1934年生まれの大巨匠、アブドゥーラ・イブラヒムの必見必聴の作品!
イブラヒム氏は、15歳でプロとしてキャリアをスタート。デューク・エリントンに認められてワールドワイドにデビューし、69年ジャズ史上の名盤『アフリカン・ピアノ』をリリース。しかし70年代にはアパルトヘイトによる人種差別や厳しい政治的な状況により、亡命生活も余儀なくされ、祖国を離れながらルーツと表現を見つめ、音楽世界を極めてきました。
そして近年は、日本にもたびたび来日して大きな感動を巻き起こしていますが、世界各国のフェスティヴァルや、ヨーロッパの名だたるホールでの演奏は、孤高にして、心を揺さぶり、精神的な繋がりをも生み続け、その音楽は究極の芸術表現ともいえましょう。祖国南アフリカ共和国においては、第二のアンセムとも呼ばれる“マネンバーグ”の作曲者として知られる人。ネルソン・マンデラ大統領の就任時にも演奏したことも、存在の大きさを物語るものといえます。

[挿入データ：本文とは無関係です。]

(* Let $\Omega\subset\mathbb{R}^N$ be a bounded open set. Let $u:\mathbb{R}^N\to\mathbb{R}$ be a bounded measurable function with $\int_{(0,1)}[u]_s^2\,d\mu(s)<\infty$, such that $\int_{(0,1)}\mathscr N_su(x)\,d\mu(s)=0$ for every $x\in\mathbb{R}^N\setminus\overline\Omega$. Then $$\lim_{|x|\to+\infty}u(x)=\frac1{|\Omega|}\int_\Omega u(x)\,dx.$$
   Context: $\mu$ is a nonnegative, nontrivial finite Borel measure on $(0,1)$. For $s\in(0,1)$, $c_{N,s}:=-\frac{2^{2s-1}\Gamma(\frac{N+2s}{2})}{\pi^{N/2}\Gamma(-s)}>0$. For $x\in\mathbb{R}^N\setminus\overline\Omega$, $\mathscr N_su(x):=c_{N,s}\int_\Omega\frac{u(x)-u(y)}{|x-y|^{N+2s}}dy$. $\mathcal Q:=\mathbb{R}^{2N}\setminus(\mathbb{R}^N\setminus\Omega)^2$ and $[u]_s^2:=c_{N,s}\iint_{\mathcal Q}\frac{|u(x)-u(y)|^2}{|x-y|^{N+2s}}dxdy$. *)

theory Defs
  imports "HOL-Analysis.Analysis"
begin

definition cNs :: "nat \<Rightarrow> real \<Rightarrow> real" where
  "cNs n s = - (2 powr (2 * s - 1) * Gamma ((real n + 2 * s) / 2))
              / (pi powr (real n / 2) * Gamma (- s))"

definition neumann_s :: "'a::euclidean_space set \<Rightarrow> ('a \<Rightarrow> real) \<Rightarrow> real \<Rightarrow> 'a \<Rightarrow> real" where
  "neumann_s \<Omega> u s x = cNs DIM('a) s *
     (\<integral>y\<in>\<Omega>. (u x - u y) / norm (x - y) powr (real DIM('a) + 2 * s) \<partial>lebesgue)"

definition QQ :: "'a::euclidean_space set \<Rightarrow> ('a \<times> 'a) set" where
  "QQ \<Omega> = UNIV - (UNIV - \<Omega>) \<times> (UNIV - \<Omega>)"

definition gagliardo_sq :: "'a::euclidean_space set \<Rightarrow> ('a \<Rightarrow> real) \<Rightarrow> real \<Rightarrow> ennreal" where
  "gagliardo_sq \<Omega> u s = (\<integral>\<^sup>+ p. indicator (QQ \<Omega>) p *
      ennreal (cNs DIM('a) s * \<bar>u (fst p) - u (snd p)\<bar>\<^sup>2
               / norm (fst p - snd p) powr (real DIM('a) + 2 * s)) \<partial>(lebesgue \<Otimes>\<^sub>M lebesgue))"

end

theory Submission
  imports Defs "HOL-Real_Asymp.Real_Asymp"
begin

text \<open>
  For large |x| the kernel |x - y| powr -(N + 2s) is, uniformly in y \<in> \<Omega> and 0 < s < 1,
  within a factor 1 \<plusminus> \<eta> of |x| powr -(N + 2s). Hence N_s u(x) equals
  c_{N,s} |x| powr -(N + 2s) (|\<Omega>| u(x) - \<integral>_\<Omega> u) up to an error of at most
  c_{N,s} |x| powr -(N + 2s) 2 M \<eta> |\<Omega>|, where M bounds |u|. If |\<Omega>| u(x) - \<integral>_\<Omega> u exceeded
  2 M \<eta> |\<Omega>| in absolute value, then, as c_{N,s} > 0, all N_s u(x) with 0 < s < 1 would share
  its strict sign and their \<mu>-integral could not vanish. So |u(x) - \<integral>_\<Omega> u / |\<Omega>|| \<le> 2 M \<eta>
  for all large |x|.
\<close>

lemma sigma_finite_measure_lebesgue: "sigma_finite_measure (lebesgue :: 'a::euclidean_space measure)"
proof
  obtain A :: "'a set set" where "countable A" "A \<subseteq> sets lborel" "\<Union>A = space lborel"
      "\<forall>a\<in>A. emeasure lborel a \<noteq> \<infinity>"
    using lborel.sigma_finite_countable by blast
  then show "\<exists>A::'a set set. countable A \<and> A \<subseteq> sets lebesgue \<and> \<Union>A = space lebesgue
      \<and> (\<forall>a\<in>A. emeasure lebesgue a \<noteq> \<infinity>)"
    by (intro exI[of _ A]) auto
qed

lemma borel_measurable_ident_lebesgue [measurable]:
  "(\<lambda>x::'a::euclidean_space. x) \<in> borel_measurable lebesgue"
  using id_borel_measurable_lebesgue by (simp add: id_def)

lemma measure_lebesgue_pos_open:
  fixes \<Omega> :: "'a::euclidean_space set"
  assumes "open \<Omega>" "\<Omega> \<noteq> {}" "\<Omega> \<in> lmeasurable"
  shows "0 < measure lebesgue \<Omega>"
proof -
  obtain a e where "0 < e" "ball a e \<subseteq> \<Omega>"
    using assms(1,2) openE by blast
  then have "0 < measure lebesgue (ball a e)"
    by (simp add: content_ball_pos)
  also have "\<dots> \<le> measure lebesgue \<Omega>"
    using \<open>ball a e \<subseteq> \<Omega>\<close> assms(3) by (intro measure_mono_fmeasurable) auto
  finally show ?thesis .
qed

lemma set_integrable_bounded_lmeasurable:
  fixes g :: "'a::euclidean_space \<Rightarrow> real"
  assumes "\<Omega> \<in> lmeasurable" "g \<in> borel_measurable lebesgue" "\<And>y. y \<in> \<Omega> \<Longrightarrow> \<bar>g y\<bar> \<le> B"
  shows "set_integrable lebesgue \<Omega> g"
proof (rule set_integrable_bound)
  show "set_integrable lebesgue \<Omega> (\<lambda>_. B)"
    using assms(1) by (simp add: set_integrable_def lmeasurable_iff_integrable)
  have [measurable]: "\<Omega> \<in> sets lebesgue"
    using assms(1) by (simp add: fmeasurable_def)
  show "set_borel_measurable lebesgue \<Omega> g"
    using assms(2) unfolding set_borel_measurable_def by measurable
  show "AE y in lebesgue. y \<in> \<Omega> \<longrightarrow> norm (g y) \<le> norm B"
    using assms(3) by force
qed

今までにリリースした作品は100作あまり。しかし、本作はそのキャリアの中でも屈指の重要作品!
あの名作『アフリカン・ピアノ』をリリースして40年あまり。ソロ作品としては、2008年に録音された『Senzo 先祖』が21世紀の名作といわれていますが、本作は、双璧をなす作品といえましょう。
音楽をつづる手法は変わることなく、いくつかのモチーフとなる名曲の音楽ピースを配置しつつ、基本的にはすべてが即興。
イブラヒム氏曰く、“心に湧きあがったものをそのまま音にしていくからストーリーはその時に生まれるんだ。生み出した音楽が、また自分を導いていくから、すべては自然に流れるにまかせているんだ”とのこと。しかしそうした完全即興にあって、描かれる世界はまるで壮大な物語のよう。
今回はイタリアの新進にして、スタインウェイや、ベーゼンドルファーといった名門と共に2010年からショパン・コンクールでも採用されたピアノ、ファツィオーリの本拠イタリア・サチーレを訪ね、名機を演奏。ピアノのコンディションが申し分ないのは言うまでもないことですが、響きの美しさは筆舌に尽くしがたく残響音まで芸術的といえる豊かな空間で、17編がつづられていきます。
ジャズ史上においてのみならず、20-21世紀の音楽家という意味においても、時代を超える音楽家、アブドゥラ・イブラヒム。その音楽に触れたすべてのファンにお薦めしたい作品。虚飾なく、歴史的リリースです!!